O eco das despedidas
Quinta-feira, 3 de Julho de 1975
O dia começou envolto naquela luz morna de Julho, a luz que parece prometer tranquilidade mas que, para mim, só reforçava a sombra da ausência dela. Fui às aulas, como mandava o calendário e a rotina, e tivemos a despedida da última aula de Educação Visual. A palavra “despedida” ficou-me presa na cabeça, como se carregasse mais peso do que o professor imaginava. Talvez porque eu também andava a despedir-me — não dela, que nunca me largava o pensamento, mas das certezas que julgava ter.
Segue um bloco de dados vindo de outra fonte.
lemma orthonormal_subset: "orthonormal S \<Longrightarrow> T \<subseteq> S \<Longrightarrow> orthonormal T"
  unfolding orthonormal_def by blast

lemma orthonormal_insert:
  assumes "orthonormal S" "hinner u u = 1" "\<forall>s\<in>S. hinner s u = 0"
  shows "orthonormal (insert u S)"
proof -
  have "\<forall>s\<in>S. hinner u s = 0"
    using assms(3) hinner_commute[of u] by simp
  then show ?thesis
    using assms unfolding orthonormal_def by auto
qed

lemma distinct_orthonormal_list:
  assumes "\<forall>s\<in>set xs. hinner s s = 1" "sorted_wrt (\<lambda>s t. hinner s t = 0) xs"
  shows "distinct xs \<and> orthonormal (set xs)"
  using assms
proof (induction xs)
  case Nil
  then show ?case
    by (simp add: orthonormal_def)
next
  case (Cons x xs)
  have xt: "hinner x t = 0" if "t \<in> set xs" for t
    using Cons.prems(2) that by simp
  have tx: "\<forall>t\<in>set xs. hinner t x = 0"
    using xt hinner_commute[of _ x] by (metis complex_cnj_zero)
  have IH: "distinct xs \<and> orthonormal (set xs)"
    using Cons by simp
  have "hinner x x = 1"
    using Cons.prems(1) by simp
  then have "x \<notin> set xs"
    using xt by fastforce
  moreover have "orthonormal (insert x (set xs))"
    using orthonormal_insert[OF conjunct2[OF IH] \<open>hinner x x = 1\<close> tx] .
  ultimately show ?case
    using IH by simp
qed

lemma hinner_orthonormal_sum:
  assumes "orthonormal T" "finite T" "s \<in> T"
  shows "hinner s (\<lambda>i j k. \<Sum>t\<in>T. c t * t i j k) = c s"
proof -
  have "hinner s (\<lambda>i j k. \<Sum>t\<in>T. c t * t i j k) = c s * hinner s s + (\<Sum>t\<in>T - {s}. c t * hinner s t)"
    unfolding hinner_sum_right using assms by (simp add: sum.remove)
  also have "(\<Sum>t\<in>T - {s}. c t * hinner s t) = 0"
    using assms unfolding orthonormal_def by (intro sum.neutral) auto
  finally show ?thesis
    using assms unfolding orthonormal_def by simp
qed

definition residual :: "qstate set \<Rightarrow> qstate \<Rightarrow> qstate" where
  "residual T v = (\<lambda>i j k. v i j k - (\<Sum>t\<in>T. hinner t v * t i j k))"

lemma hinner_residual:
  assumes "orthonormal T" "finite T" "s \<in> T"
  shows "hinner s (residual T v) = 0"
  unfolding residual_def hinner_diff_right hinner_orthonormal_sum[OF assms] by simp

lemma hinner_residual_self:
  assumes "orthonormal T" "finite T"
  shows "hinner (residual T v) (residual T v) = hinner v v - (\<Sum>t\<in>T. hinner t v * cnj (hinner t v))"
proof -
  have "hinner (\<lambda>i j k. \<Sum>t\<in>T. hinner t v * t i j k) (residual T v) = 0"
    unfolding hinner_sum_left using hinner_residual[OF assms] by simp
  then have "hinner (residual T v) (residual T v) = hinner v (residual T v)"
    by (subst (1) residual_def) (simp add: hinner_diff_left)
  also have "\<dots> = hinner v v - (\<Sum>t\<in>T. hinner t v * hinner v t)"
    unfolding residual_def hinner_diff_right hinner_sum_right ..
  also have "(\<Sum>t\<in>T. hinner t v * hinner v t) = (\<Sum>t\<in>T. hinner t v * cnj (hinner t v))"
    by (metis hinner_commute)
  finally show ?thesis .
qed

text \<open>The squared residuals of the eight basis kets add up to the codimension of the span;
  the size bound, the existence of orthogonal unit vectors and completeness all come from
  this identity.\<close>

lemma sum_sq_norm_residual_ket:
  assumes "orthonormal T" "finite T"
  shows "(\<Sum>a\<in>UNIV. \<Sum>b\<in>UNIV. \<Sum>c\<in>UNIV. sq_norm (residual T (ket a b c))) = 8 - real (card T)"
proof -
  have res: "hinner (residual T (ket a b c)) (residual T (ket a b c)) =
          1 - (\<Sum>t\<in>T. cnj (t a b c) * t a b c)" for a b c
    unfolding hinner_residual_self[OF assms] hinner_ket_left hinner_ket_right
    by (simp add: ket_def mult.commute)
  have "(\<Sum>a\<in>UNIV. \<Sum>b\<in>UNIV. \<Sum>c\<in>UNIV. 1 - (\<Sum>t\<in>T. cnj (t a b c) * t a b c))
      = 8 - (\<Sum>t\<in>T. hinner t t)"
    by (simp add: UNIV_bool hinner_expand sum.distrib algebra_simps)
  also have "(\<Sum>t\<in>T. hinner t t) = of_nat (card T)"
    using assms unfolding orthonormal_def by simp
  finally have "complex_of_real (\<Sum>a\<in>UNIV. \<Sum>b\<in>UNIV. \<Sum>c\<in>UNIV. sq_norm (residual T (ket a b c)))
      = complex_of_real (8 - real (card T))"
    unfolding of_real_sum hinner_self_eq_sq_norm[symmetric] res by simp
  then show ?thesis
    using of_real_eq_iff by blast
qed

lemma orthonormal_card_le_8:
  assumes "orthonormal T" "finite T"
  shows "card T \<le> 8"
proof -
  have "0 \<le> (\<Sum>a\<in>UNIV. \<Sum>b\<in>UNIV. \<Sum>c\<in>UNIV. sq_norm (residual T (ket a b c)))"
    by (intro sum_nonneg) (simp add: sq_norm_nonneg)
  then show ?thesis
    using sum_sq_norm_residual_ket[OF assms] by simp
qed

lemma orthonormal_finite:
  assumes "orthonormal S"
  shows "finite S"
proof (rule ccontr)
  assume "infinite S"
  then obtain T where T: "finite T" "card T = 9" "T \<subseteq> S"
    using infinite_arbitrarily_large by blast
  have "card T \<le> 8"
    using orthonormal_card_le_8[OF orthonormal_subset[OF assms T(3)] T(1)] .
  then show False
    using T(2) by simp
qed

definition normalize_state :: "qstate \<Rightarrow> qstate" where
  "normalize_state w = (\<lambda>i j k. complex_of_real (1 / sqrt (sq_norm w)) * w i j k)"

lemma hinner_normalize_state_self:
  assumes "w \<noteq> (\<lambda>i j k. 0)"
  shows "hinner (normalize_state w) (normalize_state w) = 1"
proof -
  have "sq_norm w > 0"
    using assms sq_norm_nonneg[of w] sq_norm_eq_0_iff[of w] by linarith
  then have "1 / sqrt (sq_norm w) * (1 / sqrt (sq_norm w) * sq_norm w) = 1"
    by (simp add: field_simps)
  then show ?thesis
    unfolding normalize_state_def hinner_scale_left hinner_scale_right hinner_self_eq_sq_norm
    by (metis Reals_of_real Reals_cnj_iff of_real_1 of_real_mult)
qed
Voltei com o Benjamim para casa, falamos pouco, cada um mergulhado no seu labirinto. Jantei sem entusiasmo, com o pensamento nela como quem mastiga sem provar.
Depois do jantar, eu e o Benjamim saímos sem grande plano, mas com aquele destino secreto que nunca precisávamos de dizer em voz alta. A noite estava morna, e havia em mim uma inquietação que só tinha um nome. Caminhamos pelas ruas como quem segue um íman invisível até chegarmos às traseiras da casa dela — onde tudo parecia sempre mais silencioso, mais suspenso, como se o mundo próprio ali se detivesse.
Era tão bom poder bater na sua porta para a chamar, não bati, nunca o faria. Havia códigos que se respeitavam — e medos, claro. Medo dela ser apanhada, medo de sermos descobertos, medo de perder aquele espaço frágil onde ainda nos podíamos ver. Aproximamo-nos devagar, quase a conter a respiração, olhando para o quintal escuro como quem adivinha presságios.
E foi então que ela apareceu.
A Dila surgiu na sombra com um passo leve, como se sempre soubesse que nós acabávamos por ali. Talvez tenha ouvido um murmúrio, talvez tenha pressentido a nossa presença — ou talvez fosse só destino. O coração bateu-me tão forte que temi que ela ouvisse.
— És tu Dila…? — arrisquei, numa voz que era quase só ar.
Ela aproximou-se um pouco, o rosto iluminado apenas pelo franzir tímido de um sorriso.
— Sim… pensei que fossem vocês… que fosses tu… — A voz dela era baixa, mas quente, como quem fala para não acordar a casa inteira.
O Benjamim ficou uns passos atrás, a guardar o silêncio. Eu avancei meio palmo.
— Não te queria incomodar… — disse-lhe. Era mentira. Queria, sim, mas de uma maneira boa, daquelas que não magoam.
Ela abanou a cabeça com doçura.
— Não incomodas… — E depois acrescentou, quase num sussurro, como quem confessa um segredo que não devia dizer: — Ainda bem que vieste…
O tempo ali ficou denso, imenso. O quintal parecia demasiado pequeno para tanta emoção contida.
— Hoje pensei em ti… — disse-lhe eu, sem conseguir segurar a verdade.
Ela baixou um pouco o olhar, mas não fugiu.
— Também pensei… — murmurou. — Mas tive um dia complicado. E tu?
— Igual. — Sorri de leve. — Acho que os dias ficam sempre complicados quando não te vejo.
Ela ergueu os olhos e, por um momento, senti que podia acontecer qualquer coisa. O mundo ficou suspenso nesse olhar — e eu, que era miúdo, senti-me tão vivo que até doía.
— Não posso demorar — disse ela, com pena no timbre da sua voz. — A minha mãe anda atenta.
— Eu sei — respondi. — Só queria ver-te nem que fosse por um instante.
Ela aproximou-se mais um pouco, talvez o máximo que ousava. A luz fraca mostrava-lhe os contornos do rosto, a profundidade dos seus olhos azuis e tornava tudo ainda mais real.
— Ainda bem que vieste… — disse ela outra vez, agora mais baixo, como quem diz exactamente aquilo que sente.
Troquei com ela um sorriso que, para qualquer outro, seria breve. Para mim, foi uma eternidade.
E então, como um sopro que se apaga, ela recuou.
— Tenho mesmo de ir…
— Vai então… — respondi, embora tudo em mim quisesse pedir-lhe que ficasse. — Boa noite, Dila.
— Boa noite… António.
Quando desapareceu para dentro de casa, o quintal pareceu voltar ao tamanho normal — pequeno, escuro, quase sem graça. Fiquei ali um instante parado com uma sombra que não sabia ainda retomar o mundo.
No caminho de volta, não falamos. Não era preciso. Dentro de mim, aquele curto diálogo estendia-se como um rio quente, interminável.
Assim terminou o dia: com um encontro rápido, quase proibido, mas que ficou preso à memória como se tivesse durado uma vida inteira.